I went to the succah at Rodfei. It was a comedy of errors. They told us dinner "after six". I arrived roughly at six and couldn't get inside. Eventually two of the women who were helping to prepare the meal arrived and tried to find an open door. They succeeded but I wasn't with them and so I spent a minute checking all the doors again. Turns out the door that should always be locked is the one that happened to be unlocked.

At 7:00 people start to arrive. For Shabbos services. We're not eating in the succah for at least another hour. Groan. I didn't sign up for this and so I'm hungry and oh by the way, you may not have a place to sit, let alone food to eat.

At 8ish, I find Adir and we start trying to figure out if we have seats and if so, where. Eventually we are seated at a table with space. We eat good food and I attempt to make conversation but I can't hear too well and so I pretend comprehension.

Eventually Dr. Horowitz shows up and invites us to an afterparty. Dad arrives to ask if he should take me home and I inform him that I've been invited to an afterparty.

Before everyone else arrives, I am informed that H. and I would make a cute couple. I am baffled. I am not looking for anyone. I don't know how to break this to her, so I tell her I'd consider a friendly relationship, but I'm not looking much more than that. We discuss the issue of intermarriage and the tragic decline of the Jewish population.
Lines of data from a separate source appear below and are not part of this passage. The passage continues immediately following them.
section \<open>Messages as vectors over \<open>GF(2\<^sup>c)\<close>\<close>

lemma enc_eq_horner_sum:
  "enc c m j = horner_sum of_bool 2 (map (\<lambda>b. pbit m ((j - 1) * c + b)) [0..<c])"
  unfolding enc_def horner_sum_eq_sum by (intro sum.cong) auto

lemma enc_less: "enc c m j < 2 ^ c"
  using horner_sum_of_bool_2_less[of "map (\<lambda>b. pbit m ((j - 1) * c + b)) [0..<c]"]
  by (simp add: enc_eq_horner_sum)

lemma bit_enc: "bit (enc c m j) b \<longleftrightarrow> b < c \<and> pbit m ((j - 1) * c + b)"
  by (auto simp: enc_eq_horner_sum bit_horner_sum_bit_iff)

lemma enc_inj:
  assumes len: "length m = length m'" "length m \<le> k * c"
    and eq: "\<And>j. j \<in> {1..k} \<Longrightarrow> enc c m j = enc c m' j"
  shows "m = m'"
proof (rule nth_equalityI)
  show "length m = length m'" by (fact len(1))
  fix q assume q: "q < length m"
  then have "q < k * c" using len(2) by simp
  then have "q div c < k" "0 < c" by (auto simp: less_mult_imp_div_less intro: Nat.gr0I)
  then have "bit (enc c m (q div c + 1)) (q mod c) = bit (enc c m' (q div c + 1)) (q mod c)"
    using eq by simp
  then have "pbit m q = pbit m' q" using \<open>0 < c\<close> by (simp add: bit_enc)
  then show "m ! q = m' ! q" using q len(1) by (simp add: pbit_def)
qed

lemma kval_ge_1: "1 \<le> kval t"
  by (simp add: kval_def)

lemma kval_bounds: "real t / 5 \<le> real (kval t)" "real (kval t) \<le> real t / 5 + 1"
  unfolding kval_def by linarith+

lemma cval_ge:
  "max (real l) ((real t / 5 + 1) * log 2 (real N + 1)) / real (kval t) \<le> real (cval N t l)"
  unfolding cval_def using kval_ge_1[of t] by (simp add: le_max_iff_disj)

lemma cval_le:
  "real (cval N t l) \<le> real l / real (kval t) + 2 * log 2 (real N + 1) + 1"
proof -
  let ?L = "log 2 (real N + 1)" and ?k = "real (kval t)"
  have k: "1 \<le> ?k" using kval_ge_1[of t] by simp
  have "real (cval N t l) \<le> max (real l) ((real t / 5 + 1) * ?L) / ?k + 1"
    unfolding cval_def using k by (simp add: le_max_iff_disj)
  also have "\<dots> \<le> (real l + 2 * ?k * ?L) / ?k + 1"
  proof -
    have "real t / 5 + 1 \<le> 2 * ?k" using kval_bounds(1)[of t] k by linarith
    then have "(real t / 5 + 1) * ?L \<le> 2 * ?k * ?L" by (simp add: mult_right_mono)
    then show ?thesis using k by (intro add_right_mono divide_right_mono) auto
  qed
  also have "\<dots> = real l / ?k + 2 * ?L + 1" using k by (simp add: field_simps)
  finally show ?thesis .
qed

lemma message_fits_code: "l \<le> kval t * cval N t l"
proof -
  have "real l / real (kval t) \<le> real (cval N t l)"
    using cval_ge[of l t N] by (smt (verit) divide_right_mono kval_ge_1 of_nat_0_le_iff)
  then have "real l \<le> real (kval t) * real (cval N t l)"
    using kval_ge_1[of t] by (simp add: field_simps)
  then show ?thesis by (simp flip: of_nat_mult)
qed

lemma cval_ge_1: "1 \<le> l \<Longrightarrow> 1 \<le> cval N t l"
  using message_fits_code[of l t N] by (cases "cval N t l") auto

lemma positions_fit_field: "N < 2 ^ cval N t l"
proof -
  have "log 2 (real N + 1) \<le> real (cval N t l)"
  proof -
    have "real (kval t) * log 2 (real N + 1) \<le> (real t / 5 + 1) * log 2 (real N + 1)"
      using kval_bounds(2)[of t] by (simp add: mult_right_mono)
    then have "log 2 (real N + 1) \<le> (real t / 5 + 1) * log 2 (real N + 1) / real (kval t)"
      using kval_ge_1[of t] by (simp add: field_simps)
    also have "\<dots> \<le> real (cval N t l)"
      using cval_ge[of l t N] by (smt (verit) divide_right_mono kval_ge_1 of_nat_0_le_iff)
    finally show ?thesis .
  qed
  then have "real N + 1 \<le> 2 powr real (cval N t l)"
    by (simp add: log_le_iff)
  then have "real (N + 1) \<le> real (2 ^ cval N t l)" by (simp add: powr_realpow)
  then show ?thesis by linarith
qed

lemma log_size_le:
  assumes K: "1 \<le> K" and N: "real N \<le> K * max 1 (real t)"
  shows "log 2 (real N + 1) \<le> (log 2 (K + 1) + 1) * max 1 (log 2 (real t))"
proof -
  have "real N + 1 \<le> (K + 1) * max 1 (real t)" using N by (simp add: distrib_right)
  then have "log 2 (real N + 1) \<le> log 2 ((K + 1) * max 1 (real t))" by simp
  also have "\<dots> = log 2 (K + 1) + log 2 (max 1 (real t))" using K by (simp add: log_mult)
  also have "log 2 (max 1 (real t)) \<le> max 1 (log 2 (real t))"
    by (cases "1 \<le> real t") (auto simp: max_def)
  also have "log 2 (K + 1) \<le> log 2 (K + 1) * max 1 (log 2 (real t))"
    using K by (simp add: mult_le_cancel_left1)
  finally show ?thesis by (simp add: algebra_simps)
qed

lemma size_times_cval_le:
  assumes K: "1 \<le> K" and N: "real N \<le> K * max 1 (real t)"
  shows "real N * (real (cval N t l) + 1)
    \<le> K * (2 * log 2 (K + 1) + 5) * (real l + max 1 (real t) * max 1 (log 2 (real t)))"
proof -
  let ?T = "max 1 (real t)" and ?\<Lambda> = "max 1 (log 2 (real t))" and ?k = "real (kval t)"
  let ?M = "log 2 (K + 1) + 1"
  have k: "1 \<le> ?k" using kval_ge_1[of t] by simp
  have M: "0 \<le> ?M" using K by simp
  have N_div_k: "real N / ?k \<le> 5 * K"
  proof -
    have "?T \<le> 5 * ?k" using kval_bounds(1)[of t] k by linarith
    then have "K * ?T \<le> K * (5 * ?k)" using K by (intro mult_left_mono) auto
    then have "real N \<le> 5 * K * ?k" using N by simp
    then show ?thesis using k by (simp add: divide_le_eq)
  qed
  have N_log: "real N * log 2 (real N + 1) \<le> K * ?T * (?M * ?\<Lambda>)"
    using N log_size_le[OF K N] by (intro mult_mono) auto
  have "?T \<le> ?T * ?\<Lambda>" by (simp add: mult_le_cancel_left1)
  then have N_le: "real N \<le> K * (?T * ?\<Lambda>)" using N K by (smt (verit) mult_left_mono)
  have "real N * (real (cval N t l) + 1)
      \<le> real N * (real l / ?k + 2 * log 2 (real N + 1) + 2)"
    using cval_le[of N t l] by (intro mult_left_mono) auto
  also have "\<dots> = real N / ?k * real l + 2 * (real N * log 2 (real N + 1)) + 2 * real N"
    by (simp add: algebra_simps)
  also have "\<dots> \<le> 5 * K * real l + 2 * (K * ?T * (?M * ?\<Lambda>)) + 2 * (K * (?T * ?\<Lambda>))"
    using N_div_k N_log N_le by (intro add_mono mult_right_mono mult_left_mono) auto
  also have "\<dots> \<le> K * (2 * log 2 (K + 1) + 5) * (real l + ?T * ?\<Lambda>)"
    using K M by (simp add: algebra_simps)
  finally show ?thesis .
qed

lemma size_log_le_max:
  assumes "1 \<le> l"
  shows "real n * (real l + max 1 (real t) * max 1 (log 2 (real t)))
    \<le> 2 * max (real n * real l) (real n * real t * log 2 (real t))"
proof -
  have "real n * (max 1 (real t) * max 1 (log 2 (real t)))
      \<le> max (real n * real l) (real n * real t * log 2 (real t))"
  proof (cases "2 \<le> t")
    case True
    then have "1 \<le> log 2 (real t)" by simp
    then show ?thesis using True by (simp add: max_def)
  next
    case False
    then have "t = 0 \<or> t = 1" by auto
    then have "max 1 (log 2 (real t)) = 1" "max 1 (real t) = 1" by (auto simp: log_def)
    then have "real n * (max 1 (real t) * max 1 (log 2 (real t))) \<le> real n * real l"
      using assms by (simp add: mult_le_cancel_left1)
    then show ?thesis by (simp add: le_max_iff_disj)
  qed
  then show ?thesis by (simp add: distrib_left)
qed

lemma mostfreq_eq_majority:
  assumes fin: "finite A" and major: "card {j\<in>A. f j \<noteq> v} < card {j\<in>A. f j = v}"
  shows "mostfreq A f = v"
proof -
  let ?cnt = "\<lambda>u. card {j\<in>A. f j = u}"
  let ?P = "\<lambda>u. u \<in> f ` A \<and> (\<forall>u'\<in>f ` A. ?cnt u' \<le> ?cnt u)"
  have other: "?cnt u < ?cnt v" if "u \<noteq> v" for u
  proof -
    have "?cnt u \<le> card {j\<in>A. f j \<noteq> v}" using fin that by (intro card_mono) auto
    then show ?thesis using major by linarith
  qed
  have "{j\<in>A. f j = v} \<noteq> {}" using major by (intro notI) simp
  then have v: "v \<in> f ` A" and ne: "A \<noteq> {}" by blast+
  have "?cnt u \<le> ?cnt v" for u
    using other[of u] by (cases "u = v") auto
  then have Pv: "?P v" using v by blast
  have uniq: "u = v" if "?P u" for u
  proof (rule ccontr)
    assume "u \<noteq> v"
    then have "?cnt u < ?cnt v" by (rule other)
    moreover have "?cnt v \<le> ?cnt u" using that v by blast
    ultimately show False by linarith
  qed
  have "(LEAST u. ?P u) = v"
  proof (rule Least_equality)
    show "?P v" by (fact Pv)
    show "v \<le> u" if "?P u" for u using uniq[OF that] by simp
  qed
  then show ?thesis unfolding mostfreq_def using ne by simp
qed

lemma card_add3_le:
  assumes "finite A" "finite B" "finite C"
  shows "card A + card B + card C
    \<le> card (A \<union> B \<union> C) + card (A \<inter> B) + card (A \<inter> C) + card (B \<inter> C)"
proof -
  have "card ((A \<union> B) \<inter> C) \<le> card (A \<inter> C) + card (B \<inter> C)"
    by (metis Int_Un_distrib2 card_Un_le)
  moreover have "card A + card B = card (A \<union> B) + card (A \<inter> B)"
    using assms by (intro card_Un_Int) auto
  moreover have "card (A \<union> B) + card C = card (A \<union> B \<union> C) + card ((A \<union> B) \<inter> C)"
    using assms by (intro card_Un_Int) auto
  ultimately show ?thesis by linarith
qed

definition binary_BA_run_ok ::
  "(nat \<Rightarrow> nat \<Rightarrow> nat set \<Rightarrow> (nat \<Rightarrow> bool) \<Rightarrow> 'a \<Rightarrow> (nat \<Rightarrow> bool) \<times> nat \<times> nat)
    \<Rightarrow> real \<Rightarrow> nat \<Rightarrow> nat \<Rightarrow> nat set \<Rightarrow> (nat \<Rightarrow> bool) \<Rightarrow> 'a \<Rightarrow> bool" where
  "binary_BA_run_ok BA Cb N t D v a \<longleftrightarrow>
     (\<forall>i\<in>{1..N} - D. \<forall>j\<in>{1..N} - D. fst (BA N t D v a) i = fst (BA N t D v a) j) \<and>
     (\<forall>x. (\<forall>i\<in>{1..N} - D. v i = x) \<longrightarrow> (\<forall>i\<in>{1..N} - D. fst (BA N t D v a) i = x)) \<and>
     real (fst (snd (BA N t D v a))) \<le> Cb * max 1 (real t) \<and>
     real (snd (snd (BA N t D v a))) \<le> Cb * real N * max 1 (real t)"

lemma binary_BA_iff:
  "binary_BA BA \<longleftrightarrow> (\<exists>Cb. \<forall>N t D v a. 3 * t + 1 \<le> N \<and> D \<subseteq> {1..N} \<and> card D \<le> t \<longrightarrow>
     binary_BA_run_ok BA Cb N t D v a)"
  unfolding binary_BA_def binary_BA_run_ok_def by (simp only: split_beta)

lemma binary_BA_correct:
  assumes "binary_BA BA" "3 * t + 1 \<le> N" "D \<subseteq> {1..N}" "card D \<le> t"
  shows "\<forall>i\<in>{1..N} - D. \<forall>j\<in>{1..N} - D. fst (BA N t D v a) i = fst (BA N t D v a) j"
    and "\<forall>x. (\<forall>i\<in>{1..N} - D. v i = x) \<longrightarrow> (\<forall>i\<in>{1..N} - D. fst (BA N t D v a) i = x)"
proof -
  obtain Cb where "binary_BA_run_ok BA Cb N t D v a"
    using assms unfolding binary_BA_iff by blast
  then show "\<forall>i\<in>{1..N} - D. \<forall>j\<in>{1..N} - D. fst (BA N t D v a) i = fst (BA N t D v a) j"
    and "\<forall>x. (\<forall>i\<in>{1..N} - D. v i = x) \<longrightarrow> (\<forall>i\<in>{1..N} - D. fst (BA N t D v a) i = x)"
    unfolding binary_BA_run_ok_def by blast+
qed

lemma binary_BA_bounds:
  assumes "binary_BA BA"
  shows "\<exists>Cb\<ge>0. \<forall>N t D v a. 3 * t + 1 \<le> N \<and> D \<subseteq> {1..N} \<and> card D \<le> t \<longrightarrow>
    real (fst (snd (BA N t D v a))) \<le> Cb * max 1 (real t) \<and>
    real (snd (snd (BA N t D v a))) \<le> Cb * real N * max 1 (real t)"
proof -
  obtain Cb where Cb: "\<forall>N t D v a. 3 * t + 1 \<le> N \<and> D \<subseteq> {1..N} \<and> card D \<le> t \<longrightarrow>
     binary_BA_run_ok BA Cb N t D v a"
    using assms unfolding binary_BA_iff ..
  have "real (fst (snd (BA N t D v a))) \<le> max Cb 0 * max 1 (real t) \<and>
    real (snd (snd (BA N t D v a))) \<le> max Cb 0 * real N * max 1 (real t)"
    if "3 * t + 1 \<le> N \<and> D \<subseteq> {1..N} \<and> card D \<le> t" for N t D v a
  proof -
    have "binary_BA_run_ok BA Cb N t D v a" using Cb that by blast
    moreover have "Cb * max 1 (real t) \<le> max Cb 0 * max 1 (real t)"
      "Cb * real N * max 1 (real t) \<le> max Cb 0 * real N * max 1 (real t)"
      by (intro mult_right_mono; simp)+
    ultimately show ?thesis unfolding binary_BA_run_ok_def by linarith
  qed
  then show ?thesis by (intro exI[of _ "max Cb 0"]) auto
qed

section \<open>The core protocol\<close>

locale core_execution =
  fixes F :: "nat \<Rightarrow> nat ring"
    and BA :: "nat \<Rightarrow> nat \<Rightarrow> nat set \<Rightarrow> (nat \<Rightarrow> bool) \<Rightarrow> 'a \<Rightarrow> (nat \<Rightarrow> bool) \<times> nat \<times> nat"
    and N t l :: nat
    and w :: "nat \<Rightarrow> bool list"
    and D :: "nat set"
    and A :: "'a adv"
  assumes field: "field (cR F N t l)"
    and carrier: "carrier (cR F N t l) = {..<2 ^ cval N t l}"
    and binary_BA: "binary_BA BA"
    and resilience: "3 * t + 1 \<le> N"
    and dishonest: "D \<subseteq> {1..N}" "card D \<le> t"
    and honest_length: "\<And>i. i \<in> {1..N} - D \<Longrightarrow> length (w i) = l"
begin

abbreviation "honest \<equiv> {1..N} - D"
Whenever given a chance, she urges me to call or email H. I have nothing against H., but I don't think we have enough in common. Furthermore, I would feel weird asking a guy out, especially when I know that I don't want it to really go anywhere. But if he crumbles to her pressure and asks me out, I will most likely accept.

I feel really weird about this.

Guys, a little help here?

Anyway, tonight I went to see "Maria Full of Grace", a foreign film about a Colombian girl who decides to become a mule.

I do not recommend this movie. It made me sick to my stomach it was so gross. Pass this one up, folks. Being a mule is a bad job and you really don't need to see this movie to find out how bad it is.

Anyhow, right now I'm trying to cleanse it from my mind.

Before the movie I spent a brief bit of time at the Women's Expo where I did some information mining. I got my BMI calculated at 50%. I weighed in at 162 pounds. On the brighter side, my blood pressure is good and as I said I did some information mining. I might have struck gold. I got the names of two female endocrinologists, neither of who are the one I had before. Hopefully something good will happen this time around. I'm so tired of being sick.